Let's wrap our heads around the dataset by visualizing a common DVD curve using **MatPlotLib**.

In [None]:
# Import the MatPlotLib and Seaborn libraries for plotting.
import matplotlib.pyplot as plt

# Reduce the frequency of the dataframe to make the plot less heavy
plot_df = df.copy()
plot_df = plot_df.iloc[::240, :]  # Take every 240th row using python slice notation --> start:stop:step
# drop rows where rig_time or md is null
plot_df.dropna(subset=['rig_time', 'md'], inplace=True)
# set rig_time as datetime
# plot_df['rig_time'] = pd.to_datetime(plot_df['rig_time'], errors='coerce')  # Convert to datetime
plot_df['rig_time'] = plot_df['rig_time'].dt.strftime('%Y-%m-%d %H:%M:%S')  # Format datetime

# convert md to numeric
plot_df['md'] = pd.to_numeric(plot_df['md'], errors='coerce')

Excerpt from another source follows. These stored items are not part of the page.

text \<open>Levi-Civita covariant derivative along the curve gamma of a vector field X along gamma
  (tangential projection of the ambient derivative, Gauss formula).\<close>
definition covD_R3 :: "(real \<Rightarrow> real^3) \<Rightarrow> real \<Rightarrow> real^3" where
  "covD_R3 X s = vector_derivative X (at s)"

definition covD_S3 :: "(real \<Rightarrow> real^4) \<Rightarrow> (real \<Rightarrow> real^4) \<Rightarrow> real \<Rightarrow> real^4" where
  "covD_S3 \<gamma> X s = (let D = vector_derivative X (at s) in D - (D \<bullet> \<gamma> s) *\<^sub>R \<gamma> s)"

definition covD_H3 :: "(real \<Rightarrow> real^4) \<Rightarrow> (real \<Rightarrow> real^4) \<Rightarrow> real \<Rightarrow> real^4" where
  "covD_H3 \<gamma> X s = (let D = vector_derivative X (at s) in D + lor D (\<gamma> s) *\<^sub>R \<gamma> s)"

definition curv_R3 :: "(real \<Rightarrow> real^3) \<Rightarrow> real \<Rightarrow> real" where
  "curv_R3 \<gamma> s = norm (covD_R3 (tang \<gamma>) s)"

definition normal_R3 :: "(real \<Rightarrow> real^3) \<Rightarrow> real \<Rightarrow> real^3" where
  "normal_R3 \<gamma> s = (1 / curv_R3 \<gamma> s) *\<^sub>R covD_R3 (tang \<gamma>) s"

definition binormal_R3 :: "(real \<Rightarrow> real^3) \<Rightarrow> real \<Rightarrow> real^3" where
  "binormal_R3 \<gamma> s = cross3 (tang \<gamma> s) (normal_R3 \<gamma> s)"
(* For a positive integer $k$, every graph $H$ with $|E(H)|\le\frac{1}{2}k(k+1)$ has an almost $k$-coloring.
   Context: A (proper) coloring $c$ of a graph $H$ is an almost $k$-coloring if either $c$ is a $k$-coloring of $H$ (uses at most $k$ colors), or $c$ is a $(k+1)$-coloring of $H$ in which at least one color class is a singleton set. *)

theory Defs
  imports Main
begin

definition graph :: "'a set \<Rightarrow> 'a set set \<Rightarrow> bool" where
  "graph V E \<longleftrightarrow> finite V \<and> (\<forall>e\<in>E. e \<subseteq> V \<and> card e = 2)"

definition proper_coloring :: "'a set \<Rightarrow> 'a set set \<Rightarrow> ('a \<Rightarrow> nat) \<Rightarrow> bool" where
  "proper_coloring V E c \<longleftrightarrow> (\<forall>u\<in>V. \<forall>v\<in>V. {u, v} \<in> E \<longrightarrow> c u \<noteq> c v)"

definition k_coloring :: "nat \<Rightarrow> 'a set \<Rightarrow> 'a set set \<Rightarrow> ('a \<Rightarrow> nat) \<Rightarrow> bool" where
  "k_coloring k V E c \<longleftrightarrow> proper_coloring V E c \<and> card (c ` V) \<le> k"

definition color_class :: "'a set \<Rightarrow> ('a \<Rightarrow> nat) \<Rightarrow> nat \<Rightarrow> 'a set" where
  "color_class V c x = {v \<in> V. c v = x}"

definition almost_k_coloring :: "nat \<Rightarrow> 'a set \<Rightarrow> 'a set set \<Rightarrow> ('a \<Rightarrow> nat) \<Rightarrow> bool" where
  "almost_k_coloring k V E c \<longleftrightarrow>
     k_coloring k V E c \<or>
     (k_coloring (k + 1) V E c \<and> (\<exists>x\<in>c ` V. card (color_class V c x) = 1))"

end

theory Submission
  imports Defs
begin

text \<open>
  Take a proper colouring c with the least possible number n of colours. Two colour classes
  not joined by an edge could be merged, so every pair of colours is the colour pair of some edge
  and n choose 2 \<le> |E| \<le> (k+1) choose 2. Hence n \<le> k, or n = k + 1 and each pair of colours
  is the colour pair of exactly one edge. In the latter case, among all such colourings with a
  chosen colour x, minimise the size of the class of x. If that class had two vertices w1, w2,
  take another colour y: only one edge joins the classes of x and y, so one of w1, w2 has no
  neighbour of colour y and can be recoloured y, shrinking the class of x without losing a colour.
\<close>

definition minimum_coloring :: "'a set \<Rightarrow> 'a set set \<Rightarrow> ('a \<Rightarrow> nat) \<Rightarrow> bool" where
  "minimum_coloring V E c \<longleftrightarrow>
     proper_coloring V E c \<and> (\<forall>c'. proper_coloring V E c' \<longrightarrow> card (c ` V) \<le> card (c' ` V))"

lemma card_ge_2_ex_other:
  assumes "finite A" "card A \<ge> 2" "x \<in> A"
  shows "\<exists>y\<in>A. y \<noteq> x"
proof (rule ccontr)
  assume "\<not> ?thesis"
  then have "A \<subseteq> {x}" by blast
  then show False
    using assms(2) card_mono[of "{x}" A] by simp
qed

lemma graph_finite_edges: "graph V E \<Longrightarrow> finite E"
  unfolding graph_def by (metis Pow_iff finite_Pow_iff finite_subset subsetI)

lemma proper_coloring_inj_on:
  assumes "graph V E" "inj_on c V"
  shows "proper_coloring V E c"
  unfolding proper_coloring_def
proof (intro ballI impI)
  fix u v assume "u \<in> V" "v \<in> V" "{u, v} \<in> E"
  moreover from this have "u \<noteq> v"
    using assms(1) unfolding graph_def by fastforce
  ultimately show "c u \<noteq> c v"
    using assms(2) by (auto dest: inj_onD)
qed

lemma minimum_coloring_exists:
  assumes "graph V E"
  shows "\<exists>c. minimum_coloring V E c"
proof -
  have "finite V"
    using assms unfolding graph_def by simp
  then obtain f :: "'a \<Rightarrow> nat" where "inj_on f V"
    using finite_imp_inj_to_nat_seg by blast
  then have "proper_coloring V E f"
    by (rule proper_coloring_inj_on[OF assms])
  then show ?thesis
    using ex_has_least_nat[of "proper_coloring V E" f "\<lambda>c. card (c ` V)"]
    unfolding minimum_coloring_def by blast
qed

lemma proper_coloring_merge_colors:
  assumes "finite V" "proper_coloring V E c"
    and "x \<in> c ` V" "y \<in> c ` V" "x \<noteq> y"
    and no_edge: "\<not> (\<exists>u\<in>V. \<exists>v\<in>V. {u, v} \<in> E \<and> c u = x \<and> c v = y)"
  shows "\<exists>c'. proper_coloring V E c' \<and> card (c' ` V) < card (c ` V)"
proof -
  define c' where "c' = (\<lambda>v. if c v = y then x else c v)"
  have "proper_coloring V E c'"
    unfolding proper_coloring_def
  proof (intro ballI impI)
    fix u v assume uv: "u \<in> V" "v \<in> V" "{u, v} \<in> E"
    then have "c u \<noteq> c v" "{v, u} \<in> E"
      using assms(2) by (auto simp: proper_coloring_def insert_commute)
    then show "c' u \<noteq> c' v"
      using no_edge uv unfolding c'_def by (auto split: if_splits)
  qed
  moreover have "card (c' ` V) \<le> card (c ` V - {y})"
    using assms(1,3,5) unfolding c'_def by (intro card_mono) auto
  moreover have "card (c ` V - {y}) < card (c ` V)"
    using assms(1,4) by (intro card_Diff1_less) auto
  ultimately show ?thesis by force
qed

lemma proper_coloring_fun_upd:
  assumes "proper_coloring V E c" "\<forall>u\<in>V. {w, u} \<in> E \<longrightarrow> c u \<noteq> y"
  shows "proper_coloring V E (c(w := y))"
  unfolding proper_coloring_def
proof (intro ballI impI)
  fix u v assume uv: "u \<in> V" "v \<in> V" "{u, v} \<in> E"
  then have "c u \<noteq> c v" "{v, u} \<in> E"
    using assms(1) by (auto simp: proper_coloring_def insert_commute)
  then show "(c(w := y)) u \<noteq> (c(w := y)) v"
    using assms(2) uv by auto
qed

lemma proper_coloring_edge_colors:
  assumes "graph V E" "proper_coloring V E c"
  shows "(\<lambda>e. c ` e) ` E \<subseteq> {B. B \<subseteq> c ` V \<and> card B = 2}"
proof
  fix B assume "B \<in> (\<lambda>e. c ` e) ` E"
  then obtain u v where "{u, v} \<in> E" "u \<noteq> v" "B = {c u, c v}"
    using assms(1) unfolding graph_def by (auto simp: card_2_iff)
  moreover have "u \<in> V" "v \<in> V"
    using \<open>{u, v} \<in> E\<close> assms(1) unfolding graph_def by auto
  ultimately show "B \<in> {B. B \<subseteq> c ` V \<and> card B = 2}"
    using assms(2) unfolding proper_coloring_def by auto
qed

lemma minimum_coloring_edge_colors:
  assumes "graph V E" "minimum_coloring V E c"
  shows "(\<lambda>e. c ` e) ` E = {B. B \<subseteq> c ` V \<and> card B = 2}"
proof
  have proper: "proper_coloring V E c"
    and least: "\<And>c'. proper_coloring V E c' \<Longrightarrow> card (c ` V) \<le> card (c' ` V)"
    using assms(2) unfolding minimum_coloring_def by auto
  show "(\<lambda>e. c ` e) ` E \<subseteq> {B. B \<subseteq> c ` V \<and> card B = 2}"
    using assms(1) proper by (rule proper_coloring_edge_colors)
  show "{B. B \<subseteq> c ` V \<and> card B = 2} \<subseteq> (\<lambda>e. c ` e) ` E"
  proof
    fix B assume "B \<in> {B. B \<subseteq> c ` V \<and> card B = 2}"
    then obtain x y where B: "B = {x, y}" "x \<noteq> y" "x \<in> c ` V" "y \<in> c ` V"
      by (auto simp: card_2_iff)
    have "\<exists>u\<in>V. \<exists>v\<in>V. {u, v} \<in> E \<and> c u = x \<and> c v = y"
    proof (rule ccontr)
      assume "\<not> ?thesis"
      moreover have "finite V"
        using assms(1) unfolding graph_def by simp
      ultimately obtain c' where "proper_coloring V E c'" "card (c' ` V) < card (c ` V)"
        using proper_coloring_merge_colors[OF _ proper B(3,4,2)] by blast
      then show False
        using least by fastforce
    qed
    then obtain u v where "{u, v} \<in> E" "B = c ` {u, v}"
      using B(1) by auto
    then show "B \<in> (\<lambda>e. c ` e) ` E"
      by blast
  qed
qed

lemma minimum_coloring_card_colors:
  assumes "graph V E" "minimum_coloring V E c"
  shows "card E \<ge> card (c ` V) choose 2"
proof -
  have "card E \<ge> card ((\<lambda>e. c ` e) ` E)"
    using graph_finite_edges[OF assms(1)] by (rule card_image_le)
  moreover have "card {B. B \<subseteq> c ` V \<and> card B = 2} = card (c ` V) choose 2"
    using assms(1) n_subsets[of "c ` V" 2] unfolding graph_def by simp
  ultimately show ?thesis
    using minimum_coloring_edge_colors[OF assms] by simp
qed

lemma minimum_coloring_edge_colors_inj:
  assumes "graph V E" "minimum_coloring V E c" "card E \<le> card (c ` V) choose 2"
  shows "inj_on (\<lambda>e. c ` e) E"
proof (rule eq_card_imp_inj_on)
  show "finite E"
    using assms(1) by (rule graph_finite_edges)
  then have "card ((\<lambda>e. c ` e) ` E) \<le> card E"
    by (rule card_image_le)
  moreover have "card ((\<lambda>e. c ` e) ` E) = card (c ` V) choose 2"
    using assms(1) minimum_coloring_edge_colors[OF assms(1,2)] n_subsets[of "c ` V" 2]
    unfolding graph_def by simp
  ultimately show "card ((\<lambda>e. c ` e) ` E) = card E"
    using assms(3) by simp
qed

text \<open>Injectivity of the colour-pair map says that at most one edge joins the classes of x and y.\<close>
lemma recolorable_vertex:
  assumes "proper_coloring V E c" "inj_on (\<lambda>e. c ` e) E"
    and "w1 \<noteq> w2" "c w1 = x" "c w2 = x" "x \<noteq> y"
  shows "\<exists>w\<in>{w1, w2}. \<forall>u\<in>V. {w, u} \<in> E \<longrightarrow> c u \<noteq> y"
proof (rule ccontr)
  assume "\<not> ?thesis"
  then obtain u1 u2 where u: "{w1, u1} \<in> E" "c u1 = y" "{w2, u2} \<in> E" "c u2 = y"
    by blast
  then have "c ` {w1, u1} = c ` {w2, u2}"
    using assms(4,5) by simp
  then have "{w1, u1} = {w2, u2}"
    using inj_onD[OF assms(2) _ u(1,3)] by simp
  then have "w1 = u2"
    using assms(3) by (auto simp: doubleton_eq_iff)
  then show False
    using assms(4,6) u(4) by simp
qed

lemma shrink_color_class:
  assumes "proper_coloring V E c" "inj_on (\<lambda>e. c ` e) E"
    and "card (color_class V c x) \<ge> 2" "y \<in> c ` V" "x \<noteq> y"
  shows "\<exists>c'. proper_coloring V E c' \<and> c' ` V = c ` V
           \<and> card (color_class V c' x) < card (color_class V c x)"
proof -
  have fin: "finite (color_class V c x)"
    using assms(3) by (intro card_ge_0_finite) linarith
  obtain w1 where w1: "w1 \<in> color_class V c x"
    using assms(3) by fastforce
  then obtain w2 where w2: "w2 \<in> color_class V c x" "w1 \<noteq> w2"
    using card_ge_2_ex_other[OF fin assms(3) w1] by blast
  obtain w where w: "w \<in> {w1, w2}" and no_y: "\<forall>u\<in>V. {w, u} \<in> E \<longrightarrow> c u \<noteq> y"
    using recolorable_vertex[OF assms(1,2) w2(2) _ _ assms(5)] w1 w2(1)
    unfolding color_class_def by blast
  obtain w' where "w' \<in> {w1, w2}" "w' \<noteq> w"
    using w w2(2) by blast
  then have ww': "w \<in> color_class V c x" "w' \<in> color_class V c x" "w' \<noteq> w"
    using w w1 w2(1) by auto
  define c' where "c' = c(w := y)"
  have "proper_coloring V E c'"
    unfolding c'_def using assms(1) no_y by (rule proper_coloring_fun_upd)
  moreover have "c' ` V = c ` V"
  proof
    show "c' ` V \<subseteq> c ` V"
      using assms(4) unfolding c'_def by auto
    show "c ` V \<subseteq> c' ` V"
    proof
      fix z assume "z \<in> c ` V"
      then obtain v where v: "v \<in> V" "z = c v"
        by blast
      show "z \<in> c' ` V"
      proof (cases "v = w")
        case True
        then have "z = c' w'" "w' \<in> V"
          using v ww' unfolding c'_def color_class_def by auto
        then show ?thesis
          by blast
      next
        case False
        then have "z = c' v"
          using v unfolding c'_def by simp
        then show ?thesis
          using v(1) by blast
      qed
    qed
  qed
  moreover have "color_class V c' x = color_class V c x - {w}"
    unfolding color_class_def c'_def using assms(5) by auto
  then have "card (color_class V c' x) < card (color_class V c x)"
    using card_Diff1_less[OF fin ww'(1)] by simp
  ultimately show ?thesis
    by blast
qed

lemma minimum_coloring_singleton_class:
  assumes "graph V E" "minimum_coloring V E c"
    and "card E \<le> card (c ` V) choose 2" "card (c ` V) \<ge> 2"
  shows "\<exists>c'. minimum_coloring V E c' \<and> card (c' ` V) = card (c ` V)
           \<and> (\<exists>x\<in>c' ` V. card (color_class V c' x) = 1)"
proof -
  define P where "P = (\<lambda>(c', x). minimum_coloring V E c' \<and> x \<in> c' ` V)"
  obtain x0 where "x0 \<in> c ` V"
    using assms(4) by fastforce
  then have "P (c, x0)"
    using assms(2) unfolding P_def by simp
  then obtain c' x where "P (c', x)" and least:
    "\<And>d y. P (d, y) \<Longrightarrow> card (color_class V c' x) \<le> card (color_class V d y)"
    using ex_has_least_nat[of P "(c, x0)" "\<lambda>(d, y). card (color_class V d y)"] by fastforce
  then have min': "minimum_coloring V E c'" and x: "x \<in> c' ` V"
    unfolding P_def by auto
  have same_card: "card (c' ` V) = card (c ` V)"
    using assms(2) min' unfolding minimum_coloring_def by (simp add: le_antisym)
  have "card (color_class V c' x) = 1"
  proof (rule ccontr)
    assume "card (color_class V c' x) \<noteq> 1"
    moreover have "color_class V c' x \<noteq> {}" "finite (color_class V c' x)"
      using x assms(1) unfolding color_class_def graph_def by auto
    ultimately have class_ge_2: "card (color_class V c' x) \<ge> 2"
      using card_gt_0_iff[of "color_class V c' x"] by linarith
    have "finite (c' ` V)"
      using assms(1) unfolding graph_def by simp
    then obtain y where y: "y \<in> c' ` V" "y \<noteq> x"
      using card_ge_2_ex_other[of "c' ` V" x] assms(4) same_card x by auto
    have "proper_coloring V E c'"
      using min' unfolding minimum_coloring_def by blast
    moreover have "inj_on (\<lambda>e. c' ` e) E"
      using minimum_coloring_edge_colors_inj[OF assms(1) min'] assms(3) same_card by simp
    ultimately obtain d where d: "proper_coloring V E d" "d ` V = c' ` V"
      "card (color_class V d x) < card (color_class V c' x)"
      using shrink_color_class[OF _ _ class_ge_2 y(1)] y(2) by blast
    have "minimum_coloring V E d"
      using d(1,2) min' unfolding minimum_coloring_def by simp
    then have "P (d, x)"
      using d(2) x unfolding P_def by simp
    then show False
      using least[of d x] d(3) by simp
  qed
  then show ?thesis
    using min' same_card x by blast
qed

lemma choose_two_le_imp_le:
  fixes n k :: nat
  assumes "n choose 2 \<le> (k + 1) choose 2"
  shows "n \<le> k + 1"
proof (rule ccontr)
  assume "\<not> n \<le> k + 1"
  then have "(k + 2) choose 2 \<le> n choose 2"
    by (intro binomial_right_mono) simp
  moreover have "(k + 2) choose 2 = (k + 1) + ((k + 1) choose 2)"
    by (simp add: numeral_2_eq_2)
  ultimately show False
    using assms by simp
qed

theorem lemma3:
  fixes k :: nat and V :: "'a set" and E :: "'a set set"
  assumes "k > 0"
    and "graph V E"
    and "2 * card E \<le> k * (k + 1)"
  shows "\<exists>c. almost_k_coloring k V E c"
proof -
  obtain c where min: "minimum_coloring V E c"
    using minimum_coloring_exists[OF assms(2)] by blast
  show ?thesis
  proof (cases "card (c ` V) \<le> k")
    case True
    then show ?thesis
      using min unfolding almost_k_coloring_def k_coloring_def minimum_coloring_def by blast
  next
    case False
    have "2 * ((k + 1) choose 2) = k * (k + 1)"
      by (simp add: choose_two)
    then have E_bound: "card E \<le> (k + 1) choose 2"
      using assms(3) by simp
    then have "card (c ` V) \<le> k + 1"
      using minimum_coloring_card_colors[OF assms(2) min] choose_two_le_imp_le le_trans by blast
    then have n: "card (c ` V) = k + 1"
      using False by simp
    obtain c' x where "minimum_coloring V E c'" "card (c' ` V) = k + 1"
      "x \<in> c' ` V" "card (color_class V c' x) = 1"
      using minimum_coloring_singleton_class[OF assms(2) min] E_bound n assms(1) by auto
    then have "k_coloring (k + 1) V E c'"
      unfolding k_coloring_def minimum_coloring_def by simp
    then show ?thesis
      unfolding almost_k_coloring_def using \<open>x \<in> c' ` V\<close> \<open>card (color_class V c' x) = 1\<close> by blast
  qed
qed

end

print(f'Reduced row count: {plot_df.shape[0]}')  # Check the number of rows after reduction

# Ensure plots are displayed in Jupyter Notebook
%matplotlib inline 

# plot line graph x axis = rig_time, y axis = bit_depth, then invert the y-axis
plt.figure(figsize=(10, 6))
plt.plot(plot_df['rig_time'], plot_df['md'], label='Bit Depth', color='blue')
# Reduce the x-axis ticks to only show every 200th tick
plt.xticks(plot_df['rig_time'][::200], rotation=45)  # Rotate x-axis labels for better readability
plt.gca().invert_yaxis()  # Invert the y-axis
plt.xlabel('Rig Time')  # Set x-label
plt.ylabel('Depth (ft)')  # Set y-label
plt.title('DvD Curve')
plt.show()

## Practice With Your DataSet
Use the code block below to try the following:
1. Save a .csv file of your data to the python-for-drilling-engineers Google Drive.
2. Upload a CSV file containing drilling parameters for one of your wells (or a single bit run) to a DataFrame.
   - Include Parameters: 'rig_time', 'md', 'bit_depth', 'rop', 'wob', 'td_rpm', 'td_torque', 'diff_press', 'block_height'
3. Prep the DataFrame for analysis.
   1. Create a custom mapper dictionary
   2. Map the column headers to your chosen channel mnemonics & limit the columns in the dataframe.
4. Export and save the revised dataframe as a csv or excel file.


**Congratulations on completing Module 1!** 🎉

## Module 2 Next Friday!

Next week we will explore dataframes in-depth and start the Data QC process.  Ensuring you have a good, clean dataset is a **MUST** before you start to dive into ML.

You don't want garbage outputs, so let's not feed it garbage in.